Exercise objective:
Please return each of the entries that follow, unchanged in every word.

Supplied information:
========================================

text \<open>Entry (a, b) of the i-th block of x, read off from the compression
  f i a a ** x ** f i b b.\<close>

definition coef :: "'n cmat \<Rightarrow> nat \<Rightarrow> nat \<Rightarrow> nat \<Rightarrow> complex" where
  "coef x i a b = (SOME c. f i a a ** x ** f i b b = cscale c (f i a b))"

lemma compression_eq_coef:
  "\<lbrakk>x \<in> F; i < s; a < rs i; b < rs i\<rbrakk> \<Longrightarrow> f i a a ** x ** f i b b = cscale (coef x i a b) (f i a b)"
  unfolding coef_def by (rule someI_ex) (rule compression_multiple_of_unit)

lemma coef_eqI:
  assumes "x \<in> F" "i < s" "a < rs i" "b < rs i" and "f i a a ** x ** f i b b = cscale c (f i a b)"
  shows "coef x i a b = c"
  using assms compression_eq_coef[OF assms(1-4)] unit_nonzero[OF assms(2-4)]
  by (metis cscale_cancel_right)

lemma coef_adj:
  assumes q: "q \<in> F" "adj q = q" and "i < s" "a < rs i" "b < rs i"
  shows "coef q i b a = cnj (coef q i a b)"
proof (rule coef_eqI[OF q(1)])
  have "f i b b ** q ** f i a a = adj (f i a a ** q ** f i b b)"
    using assms by (simp add: adj_mult unit_adj matrix_mul_assoc)
  also have "\<dots> = cscale (cnj (coef q i a b)) (f i b a)"
    using assms by (simp add: compression_eq_coef adj_cscale unit_adj)
  finally show "f i b b ** q ** f i a a = cscale (cnj (coef q i a b)) (f i b a)" .
qed (use assms in auto)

========================================

Response to the task:
text \<open>Entry (a, b) of the i-th block of x, read off from the compression
  f i a a ** x ** f i b b.\<close>

definition coef :: "'n cmat \<Rightarrow> nat \<Rightarrow> nat \<Rightarrow> nat \<Rightarrow> complex" where
  "coef x i a b = (SOME c. f i a a ** x ** f i b b = cscale c (f i a b))"

lemma compression_eq_coef:
  "\<lbrakk>x \<in> F; i < s; a < rs i; b < rs i\<rbrakk> \<Longrightarrow> f i a a ** x ** f i b b = cscale (coef x i a b) (f i a b)"
  unfolding coef_def by (rule someI_ex) (rule compression_multiple_of_unit)

lemma coef_eqI:
  assumes "x \<in> F" "i < s" "a < rs i" "b < rs i" and "f i a a ** x ** f i b b = cscale c (f i a b)"
  shows "coef x i a b = c"
  using assms compression_eq_coef[OF assms(1-4)] unit_nonzero[OF assms(2-4)]
  by (metis cscale_cancel_right)

lemma coef_adj:
  assumes q: "q \<in> F" "adj q = q" and "i < s" "a < rs i" "b < rs i"
  shows "coef q i b a = cnj (coef q i a b)"
proof (rule coef_eqI[OF q(1)])
  have "f i b b ** q ** f i a a = adj (f i a a ** q ** f i b b)"
    using assms by (simp add: adj_mult unit_adj matrix_mul_assoc)
  also have "\<dots> = cscale (cnj (coef q i a b)) (f i b a)"
    using assms by (simp add: compression_eq_coef adj_cscale unit_adj)
  finally show "f i b b ** q ** f i a a = cscale (cnj (coef q i a b)) (f i b a)" .
qed (use assms in auto)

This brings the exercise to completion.